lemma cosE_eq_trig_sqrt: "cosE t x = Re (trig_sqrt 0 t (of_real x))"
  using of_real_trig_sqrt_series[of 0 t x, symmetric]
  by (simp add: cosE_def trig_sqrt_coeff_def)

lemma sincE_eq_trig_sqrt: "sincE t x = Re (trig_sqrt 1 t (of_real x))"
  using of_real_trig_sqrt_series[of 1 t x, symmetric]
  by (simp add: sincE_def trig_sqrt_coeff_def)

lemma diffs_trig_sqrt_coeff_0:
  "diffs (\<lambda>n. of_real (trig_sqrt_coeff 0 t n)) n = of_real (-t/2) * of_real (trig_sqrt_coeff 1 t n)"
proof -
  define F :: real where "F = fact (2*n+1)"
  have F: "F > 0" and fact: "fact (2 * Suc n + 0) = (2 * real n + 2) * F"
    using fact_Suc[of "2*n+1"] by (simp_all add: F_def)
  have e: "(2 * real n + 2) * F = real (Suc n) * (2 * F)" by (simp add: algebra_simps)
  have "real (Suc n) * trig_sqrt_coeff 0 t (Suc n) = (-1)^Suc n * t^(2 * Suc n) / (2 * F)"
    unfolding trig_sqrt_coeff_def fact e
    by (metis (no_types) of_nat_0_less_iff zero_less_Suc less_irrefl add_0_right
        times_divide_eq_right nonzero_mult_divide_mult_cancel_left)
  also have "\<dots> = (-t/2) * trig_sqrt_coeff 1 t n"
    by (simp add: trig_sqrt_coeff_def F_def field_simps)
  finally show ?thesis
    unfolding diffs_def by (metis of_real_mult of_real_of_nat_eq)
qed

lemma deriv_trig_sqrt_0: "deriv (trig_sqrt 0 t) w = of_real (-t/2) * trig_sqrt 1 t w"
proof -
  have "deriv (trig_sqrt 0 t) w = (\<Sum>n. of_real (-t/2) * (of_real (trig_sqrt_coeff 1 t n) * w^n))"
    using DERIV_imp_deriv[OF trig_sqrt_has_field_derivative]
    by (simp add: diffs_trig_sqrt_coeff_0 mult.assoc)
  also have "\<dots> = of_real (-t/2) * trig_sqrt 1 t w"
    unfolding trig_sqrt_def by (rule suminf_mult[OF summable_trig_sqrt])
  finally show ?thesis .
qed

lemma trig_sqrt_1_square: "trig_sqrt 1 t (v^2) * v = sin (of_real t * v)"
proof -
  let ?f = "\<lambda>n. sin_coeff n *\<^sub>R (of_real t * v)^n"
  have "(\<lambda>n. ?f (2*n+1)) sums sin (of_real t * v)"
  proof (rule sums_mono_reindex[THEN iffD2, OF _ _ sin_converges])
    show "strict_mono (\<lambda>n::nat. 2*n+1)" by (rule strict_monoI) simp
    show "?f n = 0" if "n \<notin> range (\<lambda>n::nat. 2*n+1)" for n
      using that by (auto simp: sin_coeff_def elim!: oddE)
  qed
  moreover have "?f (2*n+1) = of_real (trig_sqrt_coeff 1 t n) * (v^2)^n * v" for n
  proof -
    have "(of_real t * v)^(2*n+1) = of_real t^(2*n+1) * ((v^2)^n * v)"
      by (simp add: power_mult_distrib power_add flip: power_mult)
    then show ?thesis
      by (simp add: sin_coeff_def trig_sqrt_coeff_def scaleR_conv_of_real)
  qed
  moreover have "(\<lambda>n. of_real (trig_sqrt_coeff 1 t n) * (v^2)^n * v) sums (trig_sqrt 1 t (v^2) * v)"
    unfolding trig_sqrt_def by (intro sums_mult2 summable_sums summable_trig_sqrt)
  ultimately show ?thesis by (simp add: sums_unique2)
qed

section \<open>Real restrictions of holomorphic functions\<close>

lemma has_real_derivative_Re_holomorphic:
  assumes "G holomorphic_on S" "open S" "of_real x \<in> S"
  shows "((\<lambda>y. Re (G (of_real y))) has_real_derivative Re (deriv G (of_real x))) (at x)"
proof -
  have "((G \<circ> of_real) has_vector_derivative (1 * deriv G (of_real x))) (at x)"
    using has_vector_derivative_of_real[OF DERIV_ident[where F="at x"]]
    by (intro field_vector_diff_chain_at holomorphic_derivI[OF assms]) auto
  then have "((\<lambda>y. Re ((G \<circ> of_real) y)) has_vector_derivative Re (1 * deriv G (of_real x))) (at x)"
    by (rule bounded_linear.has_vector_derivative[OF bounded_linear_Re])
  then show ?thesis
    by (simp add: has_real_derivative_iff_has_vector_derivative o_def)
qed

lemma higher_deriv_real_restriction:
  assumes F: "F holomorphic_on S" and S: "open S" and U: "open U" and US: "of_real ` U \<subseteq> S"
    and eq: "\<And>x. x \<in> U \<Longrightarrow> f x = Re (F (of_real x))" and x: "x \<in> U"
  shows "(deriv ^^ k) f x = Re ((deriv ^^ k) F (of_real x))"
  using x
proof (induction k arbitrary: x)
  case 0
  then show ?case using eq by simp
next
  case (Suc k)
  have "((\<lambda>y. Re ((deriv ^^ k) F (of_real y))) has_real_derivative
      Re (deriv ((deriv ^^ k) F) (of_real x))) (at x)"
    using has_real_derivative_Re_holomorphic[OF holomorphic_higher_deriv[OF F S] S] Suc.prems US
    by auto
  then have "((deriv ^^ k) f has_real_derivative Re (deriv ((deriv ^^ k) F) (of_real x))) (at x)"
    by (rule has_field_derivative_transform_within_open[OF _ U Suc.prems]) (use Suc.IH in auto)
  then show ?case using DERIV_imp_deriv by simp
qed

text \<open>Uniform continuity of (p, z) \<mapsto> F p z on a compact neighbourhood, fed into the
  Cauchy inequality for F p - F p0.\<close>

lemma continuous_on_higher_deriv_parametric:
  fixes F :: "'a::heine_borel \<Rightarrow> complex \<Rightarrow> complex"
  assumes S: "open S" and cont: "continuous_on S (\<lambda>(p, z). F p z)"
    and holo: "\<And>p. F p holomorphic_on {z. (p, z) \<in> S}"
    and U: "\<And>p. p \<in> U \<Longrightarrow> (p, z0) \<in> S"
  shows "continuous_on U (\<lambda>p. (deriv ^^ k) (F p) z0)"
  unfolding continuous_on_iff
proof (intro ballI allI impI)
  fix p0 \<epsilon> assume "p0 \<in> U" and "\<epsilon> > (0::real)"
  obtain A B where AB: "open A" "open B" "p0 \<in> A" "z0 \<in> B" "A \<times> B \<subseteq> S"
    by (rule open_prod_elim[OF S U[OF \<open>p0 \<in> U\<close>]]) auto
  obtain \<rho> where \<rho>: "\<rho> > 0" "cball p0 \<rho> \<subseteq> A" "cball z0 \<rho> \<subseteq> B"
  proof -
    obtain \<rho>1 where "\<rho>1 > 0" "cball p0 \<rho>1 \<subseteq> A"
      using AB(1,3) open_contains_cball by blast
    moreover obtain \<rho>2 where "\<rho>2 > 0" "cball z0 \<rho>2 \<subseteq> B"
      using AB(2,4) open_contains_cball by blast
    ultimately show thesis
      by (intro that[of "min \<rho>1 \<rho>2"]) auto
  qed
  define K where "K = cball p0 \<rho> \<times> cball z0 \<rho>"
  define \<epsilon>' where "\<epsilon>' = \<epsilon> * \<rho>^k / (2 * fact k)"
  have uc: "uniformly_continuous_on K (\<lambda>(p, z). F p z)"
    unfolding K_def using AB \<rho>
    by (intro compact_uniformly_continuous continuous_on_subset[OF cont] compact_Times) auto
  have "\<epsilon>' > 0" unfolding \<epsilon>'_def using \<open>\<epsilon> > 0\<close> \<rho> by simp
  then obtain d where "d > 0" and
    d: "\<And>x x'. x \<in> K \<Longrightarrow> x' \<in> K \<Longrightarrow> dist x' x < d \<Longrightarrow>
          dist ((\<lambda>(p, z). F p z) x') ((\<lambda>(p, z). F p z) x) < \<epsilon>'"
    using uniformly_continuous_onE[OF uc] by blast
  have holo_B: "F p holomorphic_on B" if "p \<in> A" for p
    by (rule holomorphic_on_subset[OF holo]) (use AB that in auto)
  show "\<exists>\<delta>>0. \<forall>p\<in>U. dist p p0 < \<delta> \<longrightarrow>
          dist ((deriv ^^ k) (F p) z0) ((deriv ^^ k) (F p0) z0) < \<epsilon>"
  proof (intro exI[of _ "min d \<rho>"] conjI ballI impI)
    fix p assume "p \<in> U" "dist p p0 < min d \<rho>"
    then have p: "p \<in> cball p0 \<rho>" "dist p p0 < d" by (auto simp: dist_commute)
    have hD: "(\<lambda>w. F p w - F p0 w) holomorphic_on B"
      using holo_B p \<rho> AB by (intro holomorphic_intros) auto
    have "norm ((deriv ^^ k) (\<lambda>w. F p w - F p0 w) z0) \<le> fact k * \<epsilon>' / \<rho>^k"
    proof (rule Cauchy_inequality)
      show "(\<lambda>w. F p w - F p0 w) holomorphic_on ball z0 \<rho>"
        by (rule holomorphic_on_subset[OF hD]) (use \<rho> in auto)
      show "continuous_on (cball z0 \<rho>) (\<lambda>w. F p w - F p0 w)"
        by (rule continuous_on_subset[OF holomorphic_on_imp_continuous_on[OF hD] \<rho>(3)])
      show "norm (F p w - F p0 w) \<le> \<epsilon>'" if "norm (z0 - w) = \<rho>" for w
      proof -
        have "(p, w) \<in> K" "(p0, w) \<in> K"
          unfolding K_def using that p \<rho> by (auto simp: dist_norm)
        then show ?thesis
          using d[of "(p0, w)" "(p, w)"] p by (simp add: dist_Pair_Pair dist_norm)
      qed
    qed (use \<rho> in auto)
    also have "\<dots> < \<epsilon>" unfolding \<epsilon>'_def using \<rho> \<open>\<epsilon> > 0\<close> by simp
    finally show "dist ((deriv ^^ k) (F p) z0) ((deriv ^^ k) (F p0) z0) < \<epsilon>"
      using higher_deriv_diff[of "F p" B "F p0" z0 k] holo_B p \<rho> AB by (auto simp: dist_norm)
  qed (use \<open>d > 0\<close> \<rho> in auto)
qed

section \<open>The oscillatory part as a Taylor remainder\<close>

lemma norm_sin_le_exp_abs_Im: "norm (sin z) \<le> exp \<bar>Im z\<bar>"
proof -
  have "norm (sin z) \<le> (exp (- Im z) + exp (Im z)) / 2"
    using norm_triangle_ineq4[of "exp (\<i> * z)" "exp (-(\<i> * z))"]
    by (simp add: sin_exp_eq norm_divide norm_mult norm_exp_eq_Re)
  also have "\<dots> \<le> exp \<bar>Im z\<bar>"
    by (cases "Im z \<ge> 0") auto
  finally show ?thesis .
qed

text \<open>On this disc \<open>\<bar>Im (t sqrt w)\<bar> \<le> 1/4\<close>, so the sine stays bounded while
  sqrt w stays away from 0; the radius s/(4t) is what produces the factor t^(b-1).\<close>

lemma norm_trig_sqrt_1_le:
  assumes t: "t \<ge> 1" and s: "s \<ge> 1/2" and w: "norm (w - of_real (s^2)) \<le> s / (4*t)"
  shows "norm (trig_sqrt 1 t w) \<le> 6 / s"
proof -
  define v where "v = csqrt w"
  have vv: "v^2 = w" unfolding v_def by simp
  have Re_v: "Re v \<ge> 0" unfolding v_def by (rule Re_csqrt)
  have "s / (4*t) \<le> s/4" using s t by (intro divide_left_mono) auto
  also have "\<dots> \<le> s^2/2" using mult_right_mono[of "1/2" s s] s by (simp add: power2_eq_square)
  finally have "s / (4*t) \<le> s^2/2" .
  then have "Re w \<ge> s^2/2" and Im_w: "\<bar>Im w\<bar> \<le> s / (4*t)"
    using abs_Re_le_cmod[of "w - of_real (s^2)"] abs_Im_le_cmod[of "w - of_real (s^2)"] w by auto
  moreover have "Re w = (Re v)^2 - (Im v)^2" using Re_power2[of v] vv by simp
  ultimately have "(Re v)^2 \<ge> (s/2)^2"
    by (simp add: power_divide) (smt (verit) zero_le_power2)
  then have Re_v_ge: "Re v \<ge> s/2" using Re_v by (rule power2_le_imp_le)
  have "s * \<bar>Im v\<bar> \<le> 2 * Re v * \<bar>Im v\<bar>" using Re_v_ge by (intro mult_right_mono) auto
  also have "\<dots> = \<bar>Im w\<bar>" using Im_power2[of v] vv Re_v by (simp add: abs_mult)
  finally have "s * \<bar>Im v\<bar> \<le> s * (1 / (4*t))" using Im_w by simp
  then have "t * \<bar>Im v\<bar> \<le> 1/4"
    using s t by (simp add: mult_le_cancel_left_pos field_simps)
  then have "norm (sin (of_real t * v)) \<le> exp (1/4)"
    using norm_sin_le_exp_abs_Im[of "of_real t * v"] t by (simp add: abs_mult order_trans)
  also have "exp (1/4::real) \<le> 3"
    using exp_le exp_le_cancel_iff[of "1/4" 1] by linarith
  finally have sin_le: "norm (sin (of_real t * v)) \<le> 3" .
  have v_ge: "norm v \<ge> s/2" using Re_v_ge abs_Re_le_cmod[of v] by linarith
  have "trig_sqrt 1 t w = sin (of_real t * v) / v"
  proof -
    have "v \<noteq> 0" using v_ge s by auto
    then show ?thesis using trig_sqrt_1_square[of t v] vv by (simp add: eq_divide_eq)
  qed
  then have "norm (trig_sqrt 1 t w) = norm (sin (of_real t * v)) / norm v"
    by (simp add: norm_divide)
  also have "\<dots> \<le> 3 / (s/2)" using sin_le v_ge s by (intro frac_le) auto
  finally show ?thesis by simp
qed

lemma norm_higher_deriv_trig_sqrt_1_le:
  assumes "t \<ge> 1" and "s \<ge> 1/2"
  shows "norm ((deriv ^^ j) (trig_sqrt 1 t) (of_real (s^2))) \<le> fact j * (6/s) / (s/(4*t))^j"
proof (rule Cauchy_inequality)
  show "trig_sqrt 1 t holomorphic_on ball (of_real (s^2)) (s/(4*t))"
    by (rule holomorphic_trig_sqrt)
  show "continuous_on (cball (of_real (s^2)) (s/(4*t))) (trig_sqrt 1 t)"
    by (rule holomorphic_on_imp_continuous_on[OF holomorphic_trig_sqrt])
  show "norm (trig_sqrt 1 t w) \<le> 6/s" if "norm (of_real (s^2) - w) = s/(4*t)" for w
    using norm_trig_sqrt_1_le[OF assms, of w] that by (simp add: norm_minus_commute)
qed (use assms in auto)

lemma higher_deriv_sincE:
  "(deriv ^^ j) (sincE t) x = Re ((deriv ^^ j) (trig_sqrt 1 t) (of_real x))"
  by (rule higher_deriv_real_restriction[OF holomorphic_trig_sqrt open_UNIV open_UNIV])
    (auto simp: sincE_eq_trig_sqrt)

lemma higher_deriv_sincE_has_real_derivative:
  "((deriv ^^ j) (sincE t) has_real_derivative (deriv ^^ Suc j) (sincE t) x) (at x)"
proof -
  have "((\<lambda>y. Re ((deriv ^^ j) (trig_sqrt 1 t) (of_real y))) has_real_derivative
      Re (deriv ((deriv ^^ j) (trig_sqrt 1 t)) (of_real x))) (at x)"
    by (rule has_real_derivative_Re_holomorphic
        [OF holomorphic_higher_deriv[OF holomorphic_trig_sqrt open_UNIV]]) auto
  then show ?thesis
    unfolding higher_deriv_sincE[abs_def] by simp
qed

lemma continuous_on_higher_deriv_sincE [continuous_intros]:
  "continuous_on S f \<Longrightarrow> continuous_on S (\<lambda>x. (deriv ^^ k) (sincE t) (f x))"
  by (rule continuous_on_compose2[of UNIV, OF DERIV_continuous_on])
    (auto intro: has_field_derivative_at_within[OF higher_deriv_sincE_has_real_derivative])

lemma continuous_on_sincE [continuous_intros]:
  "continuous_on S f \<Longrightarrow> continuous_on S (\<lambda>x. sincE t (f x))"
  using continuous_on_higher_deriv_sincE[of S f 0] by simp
==
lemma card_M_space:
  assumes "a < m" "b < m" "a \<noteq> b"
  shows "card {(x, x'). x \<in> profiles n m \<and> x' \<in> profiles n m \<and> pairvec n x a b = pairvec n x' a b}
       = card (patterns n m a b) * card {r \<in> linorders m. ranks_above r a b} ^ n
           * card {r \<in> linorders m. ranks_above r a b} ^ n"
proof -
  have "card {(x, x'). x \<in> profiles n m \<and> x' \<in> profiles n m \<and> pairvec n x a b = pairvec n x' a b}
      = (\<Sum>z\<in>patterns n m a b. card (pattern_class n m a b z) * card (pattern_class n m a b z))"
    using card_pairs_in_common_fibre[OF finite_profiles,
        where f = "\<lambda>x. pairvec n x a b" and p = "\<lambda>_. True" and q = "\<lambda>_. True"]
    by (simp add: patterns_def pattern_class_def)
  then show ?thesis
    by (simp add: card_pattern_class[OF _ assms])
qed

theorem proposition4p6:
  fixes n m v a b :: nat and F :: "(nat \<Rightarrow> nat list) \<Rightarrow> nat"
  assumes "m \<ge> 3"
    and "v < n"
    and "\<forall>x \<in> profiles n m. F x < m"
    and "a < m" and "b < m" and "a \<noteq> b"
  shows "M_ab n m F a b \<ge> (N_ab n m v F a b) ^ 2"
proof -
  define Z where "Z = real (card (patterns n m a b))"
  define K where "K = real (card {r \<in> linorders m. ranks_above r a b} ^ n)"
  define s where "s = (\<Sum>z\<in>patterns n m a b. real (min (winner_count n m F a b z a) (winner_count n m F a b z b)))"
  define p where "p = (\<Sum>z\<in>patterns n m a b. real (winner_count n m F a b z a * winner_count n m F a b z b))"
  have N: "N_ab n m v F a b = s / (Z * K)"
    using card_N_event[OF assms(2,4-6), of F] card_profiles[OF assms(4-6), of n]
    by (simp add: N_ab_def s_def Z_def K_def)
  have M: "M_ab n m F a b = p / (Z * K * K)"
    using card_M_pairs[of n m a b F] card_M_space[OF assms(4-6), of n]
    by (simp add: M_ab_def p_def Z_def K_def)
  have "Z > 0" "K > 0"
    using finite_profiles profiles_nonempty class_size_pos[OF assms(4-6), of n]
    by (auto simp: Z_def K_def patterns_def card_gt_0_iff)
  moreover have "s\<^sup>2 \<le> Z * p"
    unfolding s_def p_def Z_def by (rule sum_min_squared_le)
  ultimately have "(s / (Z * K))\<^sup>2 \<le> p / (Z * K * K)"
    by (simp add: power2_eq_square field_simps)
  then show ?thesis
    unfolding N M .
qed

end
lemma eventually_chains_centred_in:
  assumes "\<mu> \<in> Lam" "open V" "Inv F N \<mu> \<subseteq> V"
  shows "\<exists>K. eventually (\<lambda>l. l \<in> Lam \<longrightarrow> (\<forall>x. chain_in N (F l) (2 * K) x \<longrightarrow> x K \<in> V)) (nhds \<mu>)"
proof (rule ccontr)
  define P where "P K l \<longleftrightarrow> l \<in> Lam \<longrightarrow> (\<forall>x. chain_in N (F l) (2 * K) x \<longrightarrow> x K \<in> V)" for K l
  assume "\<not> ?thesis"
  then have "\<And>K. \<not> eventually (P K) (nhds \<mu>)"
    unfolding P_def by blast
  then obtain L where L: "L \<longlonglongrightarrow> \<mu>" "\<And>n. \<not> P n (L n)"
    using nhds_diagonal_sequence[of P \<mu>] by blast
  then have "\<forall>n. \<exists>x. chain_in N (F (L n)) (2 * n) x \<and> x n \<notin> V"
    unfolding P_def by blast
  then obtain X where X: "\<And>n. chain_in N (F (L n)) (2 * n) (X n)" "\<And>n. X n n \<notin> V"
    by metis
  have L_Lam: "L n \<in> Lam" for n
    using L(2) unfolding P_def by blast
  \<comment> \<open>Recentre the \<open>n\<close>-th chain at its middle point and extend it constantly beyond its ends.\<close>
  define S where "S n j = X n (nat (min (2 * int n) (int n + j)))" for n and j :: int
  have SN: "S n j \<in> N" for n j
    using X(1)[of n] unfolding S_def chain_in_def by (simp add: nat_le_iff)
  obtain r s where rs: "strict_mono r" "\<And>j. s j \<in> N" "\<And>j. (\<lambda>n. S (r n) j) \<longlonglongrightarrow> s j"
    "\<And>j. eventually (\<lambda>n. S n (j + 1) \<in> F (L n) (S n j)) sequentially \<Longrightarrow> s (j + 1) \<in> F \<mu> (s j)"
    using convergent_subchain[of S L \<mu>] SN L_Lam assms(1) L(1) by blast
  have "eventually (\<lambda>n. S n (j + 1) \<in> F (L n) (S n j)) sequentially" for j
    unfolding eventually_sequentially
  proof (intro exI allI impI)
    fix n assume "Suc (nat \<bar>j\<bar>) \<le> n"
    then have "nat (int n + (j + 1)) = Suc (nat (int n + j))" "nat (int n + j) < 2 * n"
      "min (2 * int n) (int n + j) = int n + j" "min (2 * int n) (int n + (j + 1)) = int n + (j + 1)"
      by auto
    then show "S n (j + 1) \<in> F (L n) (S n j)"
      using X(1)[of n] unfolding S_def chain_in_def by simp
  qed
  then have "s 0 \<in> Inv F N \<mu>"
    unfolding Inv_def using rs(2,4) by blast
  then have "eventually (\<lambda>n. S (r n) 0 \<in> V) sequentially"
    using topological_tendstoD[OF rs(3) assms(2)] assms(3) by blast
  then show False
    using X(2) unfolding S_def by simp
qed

**Exercise description:** Go through the material above, and wherever a line contains the string "exists", return it.

**Output of the exercise:**
  show "\<exists>\<delta>>0. \<forall>p\<in>U. dist p p0 < \<delta> \<longrightarrow>
  shows "\<exists>K. eventually (\<lambda>l. l \<in> Lam \<longrightarrow> (\<forall>x. chain_in N (F l) (2 * K) x \<longrightarrow> x K \<in> V)) (nhds \<mu>)"
  then have "\<forall>n. \<exists>x. chain_in N (F (L n)) (2 * n) x \<and> x n \<notin> V"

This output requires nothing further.